▸ **Problem details**
Every entry needs to be printed exactly, please.

-*-*-

(* Let $d,a\in\mathbb{N}$ with $d,a\ge 1$, and let $G=(V,E)$ be a $d$-degenerate graph of maximum degree $\Delta=2da$ whose edges have distinct arrival times. Fix an ordering $v_1,\dots,v_n$ of $V$ in which each $v_i$ has at most $d$ neighbors among $v_1,\dots,v_{i-1}$. Run the following process: start with $E_1=\dots=E_a=\emptyset$; for $i=1,\dots,n$, process the front-edges at $v_i$ in increasing order of arrival time; when processing such an edge $e$, let $J(e)=\{j\in\{1,\dots,a\}: |E_j\cap \mathrm{Prev}(e,v_i)|\le 2d-1\}$, let $j'$ be the least index with $|E_{j'}\cap E(v_i)|\le 2d-1$, and add $e$ to $E_{j'}$. Then at every step: (i) such an index $j'$ exists, and adding $e$ to $E_{j'}$ keeps the maximum degree of $(V,E_{j'})$ at most $2d$ (so at the end $E_1,\dots,E_a$ partition $E$ with each $(V,E_j)$ of maximum degree at most $2d$); and (ii) $j'\in J(e)$ and $j'$ is among the $d+1$ smallest elements of $J(e)$, i.e. $|\{j\in J(e): j<j'\}|\le d$.
   Context: All graphs are simple. For the ordering $v_1,\dots,v_n$, an edge $(v_i,v_k)$ with $i<k$ is a front-edge at $v_i$ and a back-edge at $v_k$. $E(v)$ denotes the set of edges incident to $v$, and $\mathrm{Prev}(e,v)$ denotes the set of edges in $E(v)$ that arrive (strictly) before $e$. A graph is $d$-degenerate if its vertices can be ordered so that each vertex has at most $d$ neighbors earlier in the order. *)

theory Defs
  imports Main
begin

definition simple_graph :: "'a set \<Rightarrow> 'a set set \<Rightarrow> bool" where
  "simple_graph V E \<longleftrightarrow> finite V \<and> E \<subseteq> {{u, w} | u w. u \<in> V \<and> w \<in> V \<and> u \<noteq> w}"

definition inc :: "'a set set \<Rightarrow> 'a \<Rightarrow> 'a set set" where
  "inc E v = {f \<in> E. v \<in> f}"

definition degree :: "'a set set \<Rightarrow> 'a \<Rightarrow> nat" where
  "degree E v = card (inc E v)"

definition max_degree :: "'a set \<Rightarrow> 'a set set \<Rightarrow> nat" where
  "max_degree V E = Max (degree E ` V)"

definition Prev :: "'a set set \<Rightarrow> ('a set \<Rightarrow> 'b::linorder) \<Rightarrow> 'a set \<Rightarrow> 'a \<Rightarrow> 'a set set" where
  "Prev E t e v = {f \<in> inc E v. t f < t e}"

definition degenerate_order :: "'a list \<Rightarrow> 'a set set \<Rightarrow> nat \<Rightarrow> bool" where
  "degenerate_order vs E d \<longleftrightarrow>
     (\<forall>i < length vs. card {j. j < i \<and> {vs ! i, vs ! j} \<in> E} \<le> d)"

text \<open>Position of the earlier endpoint of an edge, and that endpoint itself
  (the vertex at which the edge is a front-edge).\<close>
definition pos :: "'a list \<Rightarrow> 'a \<Rightarrow> nat" where
  "pos vs v = (LEAST i. i < length vs \<and> vs ! i = v)"

definition low_idx :: "'a list \<Rightarrow> 'a set \<Rightarrow> nat" where
  "low_idx vs e = Min (pos vs ` e)"

definition low_v :: "'a list \<Rightarrow> 'a set \<Rightarrow> 'a" where
  "low_v vs e = vs ! low_idx vs e"

definition processing_order :: "'a list \<Rightarrow> ('a set \<Rightarrow> 'b::linorder) \<Rightarrow> 'a set set \<Rightarrow> 'a set list \<Rightarrow> bool" where
  "processing_order vs t E es \<longleftrightarrow> distinct es \<and> set es = E \<and>
     (\<forall>p q. p < q \<and> q < length es \<longrightarrow>
        low_idx vs (es ! p) < low_idx vs (es ! q) \<or>
        (low_idx vs (es ! p) = low_idx vs (es ! q) \<and> t (es ! p) < t (es ! q)))"

text \<open>The index j' chosen when processing edge e in state S (S j = E_j).\<close>
definition choice :: "'a list \<Rightarrow> 'a set set \<Rightarrow> nat \<Rightarrow> nat \<Rightarrow> (nat \<Rightarrow> 'a set set) \<Rightarrow> 'a set \<Rightarrow> nat" where
  "choice vs E d a S e =
     (LEAST j. 1 \<le> j \<and> j \<le> a \<and> card (S j \<inter> inc E (low_v vs e)) \<le> 2 * d - 1)"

-*-*-

▸ **Result of this exercise**
(* Let $d,a\in\mathbb{N}$ with $d,a\ge 1$, and let $G=(V,E)$ be a $d$-degenerate graph of maximum degree $\Delta=2da$ whose edges have distinct arrival times. Fix an ordering $v_1,\dots,v_n$ of $V$ in which each $v_i$ has at most $d$ neighbors among $v_1,\dots,v_{i-1}$. Run the following process: start with $E_1=\dots=E_a=\emptyset$; for $i=1,\dots,n$, process the front-edges at $v_i$ in increasing order of arrival time; when processing such an edge $e$, let $J(e)=\{j\in\{1,\dots,a\}: |E_j\cap \mathrm{Prev}(e,v_i)|\le 2d-1\}$, let $j'$ be the least index with $|E_{j'}\cap E(v_i)|\le 2d-1$, and add $e$ to $E_{j'}$. Then at every step: (i) such an index $j'$ exists, and adding $e$ to $E_{j'}$ keeps the maximum degree of $(V,E_{j'})$ at most $2d$ (so at the end $E_1,\dots,E_a$ partition $E$ with each $(V,E_j)$ of maximum degree at most $2d$); and (ii) $j'\in J(e)$ and $j'$ is among the $d+1$ smallest elements of $J(e)$, i.e. $|\{j\in J(e): j<j'\}|\le d$.
   Context: All graphs are simple. For the ordering $v_1,\dots,v_n$, an edge $(v_i,v_k)$ with $i<k$ is a front-edge at $v_i$ and a back-edge at $v_k$. $E(v)$ denotes the set of edges incident to $v$, and $\mathrm{Prev}(e,v)$ denotes the set of edges in $E(v)$ that arrive (strictly) before $e$. A graph is $d$-degenerate if its vertices can be ordered so that each vertex has at most $d$ neighbors earlier in the order. *)

theory Defs
  imports Main
begin

definition simple_graph :: "'a set \<Rightarrow> 'a set set \<Rightarrow> bool" where
  "simple_graph V E \<longleftrightarrow> finite V \<and> E \<subseteq> {{u, w} | u w. u \<in> V \<and> w \<in> V \<and> u \<noteq> w}"

definition inc :: "'a set set \<Rightarrow> 'a \<Rightarrow> 'a set set" where
  "inc E v = {f \<in> E. v \<in> f}"

definition degree :: "'a set set \<Rightarrow> 'a \<Rightarrow> nat" where
  "degree E v = card (inc E v)"

definition max_degree :: "'a set \<Rightarrow> 'a set set \<Rightarrow> nat" where
  "max_degree V E = Max (degree E ` V)"

definition Prev :: "'a set set \<Rightarrow> ('a set \<Rightarrow> 'b::linorder) \<Rightarrow> 'a set \<Rightarrow> 'a \<Rightarrow> 'a set set" where
  "Prev E t e v = {f \<in> inc E v. t f < t e}"

definition degenerate_order :: "'a list \<Rightarrow> 'a set set \<Rightarrow> nat \<Rightarrow> bool" where
  "degenerate_order vs E d \<longleftrightarrow>
     (\<forall>i < length vs. card {j. j < i \<and> {vs ! i, vs ! j} \<in> E} \<le> d)"

text \<open>Position of the earlier endpoint of an edge, and that endpoint itself
  (the vertex at which the edge is a front-edge).\<close>
definition pos :: "'a list \<Rightarrow> 'a \<Rightarrow> nat" where
  "pos vs v = (LEAST i. i < length vs \<and> vs ! i = v)"

definition low_idx :: "'a list \<Rightarrow> 'a set \<Rightarrow> nat" where
  "low_idx vs e = Min (pos vs ` e)"

definition low_v :: "'a list \<Rightarrow> 'a set \<Rightarrow> 'a" where
  "low_v vs e = vs ! low_idx vs e"

definition processing_order :: "'a list \<Rightarrow> ('a set \<Rightarrow> 'b::linorder) \<Rightarrow> 'a set set \<Rightarrow> 'a set list \<Rightarrow> bool" where
  "processing_order vs t E es \<longleftrightarrow> distinct es \<and> set es = E \<and>
     (\<forall>p q. p < q \<and> q < length es \<longrightarrow>
        low_idx vs (es ! p) < low_idx vs (es ! q) \<or>
        (low_idx vs (es ! p) = low_idx vs (es ! q) \<and> t (es ! p) < t (es ! q)))"

text \<open>The index j' chosen when processing edge e in state S (S j = E_j).\<close>
definition choice :: "'a list \<Rightarrow> 'a set set \<Rightarrow> nat \<Rightarrow> nat \<Rightarrow> (nat \<Rightarrow> 'a set set) \<Rightarrow> 'a set \<Rightarrow> nat" where
  "choice vs E d a S e =
     (LEAST j. 1 \<le> j \<and> j \<le> a \<and> card (S j \<inter> inc E (low_v vs e)) \<le> 2 * d - 1)"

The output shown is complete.